Most GEO reporting fails because it compresses volatility into one neat number. A clean dashboard is seductive. It is also dangerous if it hides spread, variance, and repeatability. The March 2026 uncertainty framework makes this explicit: citation visibility should be interpreted as a statistical estimate with uncertainty, not a fixed truth. (Quantifying Uncertainty in AI Visibility)

So stop sending executives a single “visibility score” with no context. Send this instead:

mention rate by engine
citation share by engine
range across runs
week-over-week direction
prompts with repeated absence

That gives leadership something useful. Not a vanity number, an operating signal.

Where this fits in Machine Relations

GEO measurement sits in the Machine Relations stack as a diagnostic layer, not the whole game. You still need the upstream inputs that make citation possible: earned media, authoritative pages, entity consistency, and coverage breadth. If those inputs are weak, repeated measurement will just prove that your visibility is weak more accurately. (Machine Relations)

That is the useful part. It tells you whether the problem is instrumentation or infrastructure. In Machine Relations terms, the engine can only cite what the web has already made legible and trustworthy.

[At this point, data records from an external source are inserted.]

lemma units_carrier: "i < k \<Longrightarrow> j < m \<Longrightarrow> U i j \<in> carrier_mat m m"
  using units_in carrier_mat_of by blast

lemma next_col_mat_carrier: "next_col_mat i \<in> carrier_mat m m"
  by (simp add: next_col_mat_def)

lemma interpolant_in: "interpolant w \<in> A"
  unfolding interpolant_def by (intro mat_sum_closed smult_closed units_in)

lemma interpolant_mult_mat_vec:
  assumes "v \<in> carrier_vec m" "p < m"
  shows "(interpolant w *\<^sub>v v) $ p = (\<Sum>i<k. \<Sum>j<m. w i $ j * (U i j *\<^sub>v v) $ p)"
proof -
  have "(interpolant w *\<^sub>v v) $ p = (\<Sum>i<k. \<Sum>j<m. ((w i $ j \<cdot>\<^sub>m U i j) *\<^sub>v v) $ p)"
    unfolding interpolant_def using assms units_carrier
    by (simp add: mat_sum_mult_mat_vec mat_sum_carrier)
  also have "\<dots> = (\<Sum>i<k. \<Sum>j<m. w i $ j * (U i j *\<^sub>v v) $ p)"
    using assms units_carrier
    by (intro sum.cong refl) (auto simp: smult_mat_mult_mat_vec[OF units_carrier assms(1)]
      carrier_matD[OF units_carrier])
  finally show ?thesis .
qed

lemma interpolant_unit_vec:
  assumes "l < k" "w l \<in> carrier_vec m"
  shows "interpolant w *\<^sub>v unit_vec m l = w l"
proof (rule eq_vecI)
  fix q assume "q < dim_vec (w l)"
  then have q: "q < m" using assms(2) by simp
  have "(interpolant w *\<^sub>v unit_vec m l) $ q
      = (\<Sum>i<k. \<Sum>j<m. w i $ j * (U i j *\<^sub>v unit_vec m l) $ q)"
    using q by (simp add: interpolant_mult_mat_vec)
  also have "\<dots> = (\<Sum>i<k. if i = l then w l $ q else 0)"
    using assms(1) q by (intro sum.cong refl)
      (auto simp: units_unit_vec sum_index_unit_vec simp del: index_unit_vec)
  also have "\<dots> = w l $ q"
    using assms(1) by simp
  finally show "(interpolant w *\<^sub>v unit_vec m l) $ q = w l $ q" .
qed (use assms interpolant_in carrier_mat_of in auto)

lemma interpolant_next_col:
  assumes "\<And>i. i < k \<Longrightarrow> w i \<in> carrier_vec m" "p < m"
  shows "(interpolant w *\<^sub>v unit_vec m k) $ p = (\<Sum>i<k. (next_col_mat i *\<^sub>v w i) $ p)"
proof -
  have "(interpolant w *\<^sub>v unit_vec m k) $ p = (\<Sum>i<k. \<Sum>j<m. w i $ j * (U i j *\<^sub>v unit_vec m k) $ p)"
    using assms(2) by (simp add: interpolant_mult_mat_vec)
  also have "\<dots> = (\<Sum>i<k. (next_col_mat i *\<^sub>v w i) $ p)"
    using assms by (intro sum.cong refl)
      (auto simp: next_col_mat_def scalar_prod_def atLeast0LessThan mult.commute
        carrier_vecD[OF assms(1)])
  finally show ?thesis .
qed

(*
  If every element of A killing e_0, ..., e_(k-1) also kills e_k, then a e_k is a linear function
  of (a e_0, ..., a e_(k-1)); next_col_mat i is its i-th block, and it commutes with A.
*)
context
  assumes annihilating: "\<And>a. a \<in> A \<Longrightarrow> (\<forall>i<k. a *\<^sub>v unit_vec m i = 0\<^sub>v m) \<Longrightarrow>
    a *\<^sub>v unit_vec m k = 0\<^sub>v m"
begin

lemma next_col_by_interpolation:
  assumes a: "a \<in> A" and p: "p < m"
  shows "(a *\<^sub>v unit_vec m k) $ p = (\<Sum>i<k. (next_col_mat i *\<^sub>v (a *\<^sub>v unit_vec m i)) $ p)"
proof -
  define a' where "a' = interpolant (\<lambda>i. a *\<^sub>v unit_vec m i)"
  have carriers: "a \<in> carrier_mat m m" "a' \<in> carrier_mat m m"
    using a interpolant_in carrier_mat_of unfolding a'_def by auto
  have "(a - a') *\<^sub>v unit_vec m i = 0\<^sub>v m" if "i < k" for i
    using that carriers unfolding a'_def
    by (simp add: minus_mult_distrib_mat_vec interpolant_unit_vec)
  then have "(a - a') *\<^sub>v unit_vec m k = 0\<^sub>v m"
    using annihilating diff_closed a interpolant_in unfolding a'_def by blast
  then have "a *\<^sub>v unit_vec m k - a' *\<^sub>v unit_vec m k = 0\<^sub>v m"
    using carriers by (simp add: minus_mult_distrib_mat_vec)
  then have "(a *\<^sub>v unit_vec m k - a' *\<^sub>v unit_vec m k) $ p = 0"
    using p by simp
  then have "(a *\<^sub>v unit_vec m k) $ p = (a' *\<^sub>v unit_vec m k) $ p"
    using carriers p by simp
  then show ?thesis using carriers(1) p unfolding a'_def by (simp add: interpolant_next_col)
qed

lemma next_col_mat_commute:
  assumes b: "b \<in> A" and i: "i < k"
  shows "next_col_mat i * b = b * next_col_mat i"
proof (rule eq_matI)
  fix p j assume "p < dim_row (b * next_col_mat i)" "j < dim_col (b * next_col_mat i)"
  then have pj: "p < m" "j < m" using carrier_mat_of[OF b] by (auto simp: next_col_mat_def)
  have bc: "b \<in> carrier_mat m m" and Mc: "\<And>l. next_col_mat l \<in> carrier_mat m m"
    and Uc: "U i j \<in> carrier_mat m m"
    using b i pj carrier_mat_of units_carrier by (auto simp: next_col_mat_def)
  have "next_col_mat i *\<^sub>v unit_vec m j = U i j *\<^sub>v unit_vec m k"
    using pj Uc by (intro eq_vecI) (auto simp: mult_mat_vec_unit_vec[OF Mc] next_col_mat_def)
  then have "(b * next_col_mat i) $$ (p, j) = ((b * U i j) *\<^sub>v unit_vec m k) $ p"
    using bc Mc Uc pj by (simp add: index_mult_mat_as_mult_mat_vec[OF bc Mc])
  also have "\<dots> = (\<Sum>l<k. (next_col_mat l *\<^sub>v ((b * U i j) *\<^sub>v unit_vec m l)) $ p)"
    using b i pj by (intro next_col_by_interpolation mult_closed units_in)
  also have "\<dots> = (\<Sum>l<k. if l = i then (next_col_mat i *\<^sub>v (b *\<^sub>v unit_vec m j)) $ p else 0)"
    using bc Uc Mc pj i
    by (intro sum.cong) (auto simp: units_unit_vec mult_mat_vec_zero[OF bc] mult_mat_vec_zero[OF Mc])
  also have "\<dots> = (next_col_mat i * b) $$ (p, j)"
    using i pj by (simp add: index_mult_mat_as_mult_mat_vec[OF Mc bc])
  finally show "(next_col_mat i * b) $$ (p, j) = (b * next_col_mat i) $$ (p, j)" ..
qed (use carrier_mat_of[OF b] in \<open>auto simp: next_col_mat_def\<close>)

Start there, then measure the output with enough repetition that the numbers mean something.

If you want the fast next step, run a three-day repeated measurement sprint on your top 20 prompts before the next planning meeting. You will learn more from that than from another month of screenshot collections.

If you want help finding the prompts and source gaps that matter most, run a visibility audit.

FAQ

How many times should I run a GEO prompt before reporting it?

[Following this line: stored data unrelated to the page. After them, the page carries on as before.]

lemma snd_F1_root:
  assumes "coprime c1 c2" and "c2 \<noteq> 0"
  shows "poly (snd (F1 c1 c2)) 0 = 0"
proof -
  define X Y where "X = fst (FF c1 c2)" and "Y = snd (FF c1 c2)"
  have "\<exists>m. T2 ^ m dvd Y \<and> \<not> T2 ^ m dvd X"
  proof (cases "T2 dvd c2")
    case False
    then have "\<not> T2 dvd X"
      unfolding T2_dvd_iff by (simp add: X_def FF_def T1_def T2_def)
    moreover have "T2 dvd Y" by (simp add: Y_def FF_def)
    ultimately show ?thesis by (metis power_one_right)
  next
    case True
    then obtain q where c2: "c2 = T2 * q" by blast
    have "\<not> T2 dvd c1"
      using assms(1) True T2_not_unit coprime_common_divisor by blast
    then have "\<not> T2 dvd (T1 * T2 * q\<^sup>2 - c1\<^sup>2)\<^sup>2"
      unfolding T2_dvd_iff by (simp add: T2_def)
    then have "\<not> T2\<^sup>2 * T2 dvd X"
      by (simp add: X_def c2 FF_T2_mult)
    moreover have "T2\<^sup>2 * T2 dvd Y" by (simp add: Y_def c2 FF_T2_mult)
    ultimately show ?thesis by (metis power_Suc2 numeral_2_eq_2 numeral_3_eq_3)
  qed
  then obtain m where "T2 ^ m dvd Y" "\<not> T2 ^ m dvd X" by blast
  then have "poly (Y div gcd X Y) 0 = 0"
    using fst_FF_nonzero[OF assms(2)] poly_div_gcd_eq_0_if_power_dvd[of X 0 m Y]
    by (simp add: X_def T2_def)
  then show ?thesis unfolding X_def Y_def by (simp add: F1_def Let_def case_prod_unfold)
qed

lemma Fiter_Suc_if_T2_dvd:
  assumes "Fiter c1 c2 k = (p, T2 * q)"
  shows "Fiter c1 c2 (Suc k) =
    ((T1 * T2 * q\<^sup>2 - p\<^sup>2)\<^sup>2, T2 * (4 * p * q * (T2 * q - p) * (T1 * q - p)))"
  by (simp add: assms FF_T2_mult)

lemma snd_Fiter_root:
  assumes "coprime c1 c2" and "c2 \<noteq> 0"
  shows "poly (snd (Fiter c1 c2 k)) 0 = 0"
proof (induction k)
  case 0
  then show ?case using snd_F1_root[OF assms] by simp
next
  case (Suc k)
  then obtain q where "Fiter c1 c2 k = (fst (Fiter c1 c2 k), T2 * q)"
    by (metis T2_dvd_iff dvdE prod.collapse)
  then show ?case by (subst Fiter_Suc_if_T2_dvd) (simp_all add: T2_def)
qed

lemma Fiter_coeff_recurrence:
  assumes "poly (snd (Fiter c1 c2 k)) 0 = 0"
  defines "a \<equiv> \<lambda>k. coeff (dehom1 (fst (Fiter c1 c2 k))) 0"
    and "b \<equiv> \<lambda>k. coeff (dehom1 (snd (Fiter c1 c2 k))) 1"
  shows "a (Suc k) = a k ^ 4" and "b (Suc k) = 4 * a k ^ 2 * b k * (a k - b k)"
proof -
  obtain q where q: "snd (Fiter c1 c2 k) = T2 * q" using assms T2_dvd_iff by blast
  then have Fiter: "Fiter c1 c2 k = (fst (Fiter c1 c2 k), T2 * q)" by (metis prod.collapse)
  define u w where "u = dehom1 (fst (Fiter c1 c2 k))" and "w = dehom1 q"
  have "a k = poly u 0" "b k = poly w 0"
    using q by (simp_all add: a_def b_def u_def w_def dehom1_simps poly_0_coeff_0)
  moreover have "a (Suc k) = poly (([:0, 1:] * w\<^sup>2 - u\<^sup>2)\<^sup>2) 0"
    by (subst a_def, subst Fiter_Suc_if_T2_dvd[OF Fiter])
      (simp add: dehom1_simps u_def w_def poly_0_coeff_0)
  moreover have "b (Suc k) = poly (4 * u * w * ([:0, 1:] * w - u) * (w - u)) 0"
    by (subst b_def, subst Fiter_Suc_if_T2_dvd[OF Fiter])
      (simp add: dehom1_simps u_def w_def poly_0_coeff_0)
  ultimately show "a (Suc k) = a k ^ 4" and "b (Suc k) = 4 * a k ^ 2 * b k * (a k - b k)"
    by (simp_all add: algebra_simps power2_eq_square power4_eq_xxxx)
qed

theorem lemma4p2:
  fixes c1 c2 :: bpoly and d :: nat
  assumes "homogeneous c1 d" and "homogeneous c2 d"
    and "coprime c1 c2" and "c2 \<noteq> 0"
    and "Fract (dehom2 c1) (dehom2 c2) \<notin> {0, 1, Fract [:0, 1:] 1}"
  defines "P1 \<equiv> fst (F1 c1 c2)"
    and "A \<equiv> (\<lambda>n. coeff (dehom1 (fst (Fiter c1 c2 (n - 1)))) 0)"
    and "B \<equiv> (\<lambda>n. coeff (dehom1 (snd (Fiter c1 c2 (n - 1)))) 1)"
  shows "(\<forall>n\<ge>1. A n = ev2 P1 1 0 ^ (4 ^ (n - 1)))
    \<and> limsup (\<lambda>n. ereal (norm (B n) powr (1 / 4 ^ (n - 1)))) \<le> ereal (norm (ev2 P1 1 0))"
proof -
  define a where "a k = coeff (dehom1 (fst (Fiter c1 c2 k))) 0" for k
  define b where "b k = coeff (dehom1 (snd (Fiter c1 c2 k))) 1" for k
  note root = snd_Fiter_root[OF assms(3,4)]
  have a: "a (Suc k) = a k ^ 4" and b: "b (Suc k) = 4 * a k ^ 2 * b k * (a k - b k)" for k
    unfolding a_def b_def by (rule Fiter_coeff_recurrence[OF root])+
  have a0: "a 0 = ev2 P1 1 0"
    by (simp add: a_def P1_def coeff_0_dehom1)
  have "norm (b (Suc k)) \<le> 4 * norm (a k) ^ 2 * norm (b k) * (norm (a k) + norm (b k))" for k
    unfolding b by (simp add: norm_mult norm_power mult_left_mono norm_triangle_ineq4)
  then have "limsup (\<lambda>k. ereal (norm (b k) powr (1 / 4 ^ k))) \<le> ereal (norm (a 0))"
    by (intro limsup_root_quartic_recurrence) (simp_all add: a norm_power)
  moreover have "limsup (\<lambda>n. ereal (norm (B n) powr (1 / 4 ^ (n - 1))))
      = limsup (\<lambda>k. ereal (norm (b k) powr (1 / 4 ^ k)))"
    using limsup_shift[of "\<lambda>n. ereal (norm (B n) powr (1 / 4 ^ (n - 1)))"]
    by (simp add: B_def b_def)
  moreover have "A n = a 0 ^ 4 ^ (n - 1)" for n
    using power_recurrence_closed_form[of a, OF a] by (simp add: A_def a_def)
  ultimately show ?thesis by (simp add: a0)
qed

end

At minimum, run each priority prompt three times across three non-consecutive days. One run tells you almost nothing about repeatability.

What metric matters most in GEO measurement?

Start with mention rate and citation share across repeated runs. Those tell you whether you show up consistently enough to matter.

Can I use one AI visibility score for executive reporting?

You can, but only if you also show the variance behind it. A single score without spread hides the real risk.